# same area and perimeter

The perimeter and the area of a given triangle have the same numerical value when measured via a certain unit of measure. If the lengths of the three altitudes of the triangle are p, q, and r, what is the numerical value of $1/q + 1/p + 1/r$?

So first I set up the three sides' lengths as $a, b, c$ respectively, so that the perimeter and area both would be $a+b+c$. but the area is also equal to $ap/2 + bq/2 + cr/2 = a+b+c$, which leads to $ap + bq+cr = 2a + 2b + 2c$. However, $1/q + 1/p + 1/r = (qr + pr + pq)/(pqr)$, which doesn't seem to help much. How can I solve this?

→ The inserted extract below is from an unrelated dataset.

(* Let $n\ge2$ and let $\mathcal C=X_1\cap\dots\cap X_n\subseteq\mathbb R^{n+1}$ be a tropical complete intersection curve. Then every vertex of $\mathcal C$ has valence 3, i.e. is contained in exactly three edges (bounded or unbounded) of $\mathcal C$.
   Context: Over $(\mathbb R,\max,+)$, a tropical polynomial is $f(x)=\max_{a\in\mathcal A}\{\lambda_a+a\cdot x\}$, $\mathcal A\subseteq\mathbb Z^{m}$ finite, $\lambda_a\in\mathbb R$; Newton polytope $\Delta_f=\operatorname{conv}(\mathcal A)$; lifted polytope $\tilde\Delta_f=\operatorname{conv}\{(a,t):a\in\mathcal A,t\le\lambda_a\}$, whose bounded faces project to a regular lattice subdivision $\operatorname{Subdiv}(f)$ of $\Delta_f$. $V_{tr}(f)$ is the non-linear locus of $f$, a polyhedral complex of pure dimension $m-1$, with a bijection $C\mapsto C^\vee$ from $k$-cells of $V_{tr}(f)$ to $(m-k)$-cells of $\operatorname{Subdiv}(f)$, $C^\vee=\operatorname{conv}\{a:\lambda_a+a\cdot x=f(x)\}$ for $x$ in the relative interior of $C$. $V_{tr}(f)$ is smooth if every maximal cell of $\operatorname{Subdiv}(f)$ is a lattice simplex of volume $1/m!$. For $X_i=V_{tr}(f_i)$, $i=1,\dots,n$, let $U=X_1\cup\dots\cup X_n=V_{tr}(f_1\odot\cdots\odot f_n)$ (the product polynomial has function $f_1+\dots+f_n$), and $\operatorname{Subdiv}_U=\operatorname{Subdiv}(f_1\odot\cdots\odot f_n)$. Since $\tilde\Delta_{f_1\odot\cdots\odot f_n}=\tilde\Delta_{f_1}+\dots+\tilde\Delta_{f_n}$, each bounded face decomposes uniquely as a Minkowski sum of bounded faces of the $\tilde\Delta_{f_i}$; projecting gives the privileged representation $\Lambda=\Lambda_1+\dots+\Lambda_n$ of each cell $\Lambda\in\operatorname{Subdiv}_U$, $\Lambda_i\in\operatorname{Subdiv}(f_i)$. Each cell $C$ of $I=X_1\cap\dots\cap X_n$ is uniquely $C_1\cap\dots\cap C_n$ with $C_i$ a cell of $X_i$ containing $C$ in its relative interior; $C$ is a cell of $U$ and $C^\vee\in\operatorname{Subdiv}_U$ has privileged representation $C_1^\vee+\dots+C_n^\vee$. The intersection is transversal if for all $J\subseteq\{1,\dots,n\}$, $|J|\ge2$, $\bigcap_{i\in J}X_i$ has dimension $m-|J|$ and every cell $C$ of it satisfies $\dim C^\vee=\sum_{i\in J}\dim C_i^\vee$ (duals w.r.t. $\bigcup_{i\in J}X_i$). A tropical complete intersection curve is a transversal intersection $\mathcal C=X_1\cap\dots\cap X_n$ of $n\ge 2$ smooth tropical hypersurfaces in $\mathbb R^{n+1}$ (so $m=n+1$); it is a one-dimensional polyhedral complex, some of whose edges are unbounded. *)

theory Defs
  imports "HOL-Analysis.Analysis"
begin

Note that $$\frac{1}{p}+\frac{1}{q}+\frac{1}{r}=\frac{a}{2A}+\frac{b}{2A}+\frac{c}{2A}=\frac{P}{2A}$$ where $a,b,c$ are the sides of the triangle, $A$ is the area and $P$ is the perimeter.
$$A = \frac{ap}{2}= \frac{bq}{2}= \frac{cr}{2}=a+b+c.$$ $$\frac{ap}{2}=a+b+c$$ $$p=\frac{2(a+b+c)}{a}$$ Similarly, $$q=\frac{2(a+b+c)}{b}$$ $$r=\frac{2(a+b+c)}{c}$$ Now $$\frac{1}{p}+\frac{1}{q}+\frac{1}{r}=\frac{a}{2(a+b+c)}+\frac{b}{2(a+b+c)}+\frac{c}{2(a+b+c)}$$ $$\frac{1}{p}+\frac{1}{q}+\frac{1}{r}=\frac{a+b+c}{2(a+b+c)}$$$$\frac{1}{p}+\frac{1}{q}+\frac{1}{r}=\frac{1}{2}$$
$$2(a+b+c)=pa.$$ Thus, $$\sum_{cyc}\frac{1}{p}=\sum_{cyc}\frac{a}{2(a+b+c)}=\frac{1}{2}$$